**** SUPPLIED RECORDS
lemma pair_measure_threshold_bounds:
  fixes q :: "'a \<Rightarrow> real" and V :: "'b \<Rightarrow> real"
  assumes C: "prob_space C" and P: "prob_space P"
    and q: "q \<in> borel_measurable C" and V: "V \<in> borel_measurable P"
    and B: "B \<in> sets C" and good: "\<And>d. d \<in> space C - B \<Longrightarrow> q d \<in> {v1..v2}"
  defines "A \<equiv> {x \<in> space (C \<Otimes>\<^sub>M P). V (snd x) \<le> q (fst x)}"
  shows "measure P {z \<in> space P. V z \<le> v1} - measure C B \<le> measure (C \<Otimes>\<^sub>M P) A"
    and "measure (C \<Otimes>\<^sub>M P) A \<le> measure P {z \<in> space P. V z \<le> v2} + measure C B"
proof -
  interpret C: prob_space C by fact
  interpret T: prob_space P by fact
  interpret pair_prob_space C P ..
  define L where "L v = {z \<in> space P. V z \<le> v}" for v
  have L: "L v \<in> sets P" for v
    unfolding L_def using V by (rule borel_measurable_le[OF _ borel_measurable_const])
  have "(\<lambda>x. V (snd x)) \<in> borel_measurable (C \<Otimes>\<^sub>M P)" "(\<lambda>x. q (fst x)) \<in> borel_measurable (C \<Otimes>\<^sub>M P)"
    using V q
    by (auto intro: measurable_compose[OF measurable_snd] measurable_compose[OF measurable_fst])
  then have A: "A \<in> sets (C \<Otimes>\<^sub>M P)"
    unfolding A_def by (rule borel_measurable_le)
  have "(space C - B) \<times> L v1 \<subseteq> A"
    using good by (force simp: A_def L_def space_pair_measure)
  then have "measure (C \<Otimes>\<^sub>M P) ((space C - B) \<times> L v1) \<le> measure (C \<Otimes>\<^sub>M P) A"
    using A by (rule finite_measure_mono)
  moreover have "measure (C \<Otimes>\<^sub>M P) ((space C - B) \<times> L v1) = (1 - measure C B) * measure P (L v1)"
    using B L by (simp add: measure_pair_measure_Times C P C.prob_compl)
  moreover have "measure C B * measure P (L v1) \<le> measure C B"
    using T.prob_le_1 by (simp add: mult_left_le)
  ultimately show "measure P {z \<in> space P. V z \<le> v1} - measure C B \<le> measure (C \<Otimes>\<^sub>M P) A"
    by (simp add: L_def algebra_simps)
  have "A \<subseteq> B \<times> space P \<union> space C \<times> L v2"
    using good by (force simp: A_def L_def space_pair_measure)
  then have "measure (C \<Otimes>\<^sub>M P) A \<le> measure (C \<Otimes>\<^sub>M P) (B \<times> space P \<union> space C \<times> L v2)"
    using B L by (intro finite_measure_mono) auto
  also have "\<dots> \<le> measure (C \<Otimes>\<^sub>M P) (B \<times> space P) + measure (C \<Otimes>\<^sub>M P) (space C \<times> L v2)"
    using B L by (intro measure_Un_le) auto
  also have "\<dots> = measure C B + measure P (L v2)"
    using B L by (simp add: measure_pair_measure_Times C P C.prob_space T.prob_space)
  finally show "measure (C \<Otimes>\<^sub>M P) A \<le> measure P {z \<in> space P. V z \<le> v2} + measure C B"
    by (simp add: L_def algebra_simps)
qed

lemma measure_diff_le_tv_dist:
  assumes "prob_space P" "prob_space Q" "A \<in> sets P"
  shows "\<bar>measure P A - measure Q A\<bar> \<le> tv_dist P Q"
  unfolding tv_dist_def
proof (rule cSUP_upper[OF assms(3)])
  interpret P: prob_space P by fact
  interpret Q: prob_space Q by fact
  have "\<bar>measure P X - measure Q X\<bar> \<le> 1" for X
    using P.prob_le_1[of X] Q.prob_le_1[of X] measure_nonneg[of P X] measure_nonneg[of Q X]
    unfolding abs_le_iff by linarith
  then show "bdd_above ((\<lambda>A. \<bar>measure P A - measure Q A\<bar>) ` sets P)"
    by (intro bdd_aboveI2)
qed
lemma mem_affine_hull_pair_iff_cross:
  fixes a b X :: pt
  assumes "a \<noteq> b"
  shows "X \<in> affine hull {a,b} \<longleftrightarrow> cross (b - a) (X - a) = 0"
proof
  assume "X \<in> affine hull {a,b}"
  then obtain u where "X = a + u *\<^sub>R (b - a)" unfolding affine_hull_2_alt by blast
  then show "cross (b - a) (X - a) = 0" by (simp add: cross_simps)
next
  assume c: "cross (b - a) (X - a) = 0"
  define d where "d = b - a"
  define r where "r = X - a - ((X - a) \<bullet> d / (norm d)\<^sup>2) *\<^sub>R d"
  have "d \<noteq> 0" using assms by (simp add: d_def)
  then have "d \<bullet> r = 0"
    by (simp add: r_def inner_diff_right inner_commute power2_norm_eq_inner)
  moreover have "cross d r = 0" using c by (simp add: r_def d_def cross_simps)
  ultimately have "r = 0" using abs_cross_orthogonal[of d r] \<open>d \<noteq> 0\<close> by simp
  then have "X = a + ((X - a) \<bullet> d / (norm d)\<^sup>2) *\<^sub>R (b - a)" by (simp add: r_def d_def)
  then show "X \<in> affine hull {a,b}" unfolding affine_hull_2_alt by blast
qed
********
EXERCISE DESCRIPTION -> All that is wanted is an exact copy of the lines from the line holding "add: r_def d_def)" through the end of the material above, including both.

SOLUTION FOR THIS TASK ->
  then have "X = a + ((X - a) \<bullet> d / (norm d)\<^sup>2) *\<^sub>R (b - a)" by (simp add: r_def d_def)
  then show "X \<in> affine hull {a,b}" unfolding affine_hull_2_alt by blast
qed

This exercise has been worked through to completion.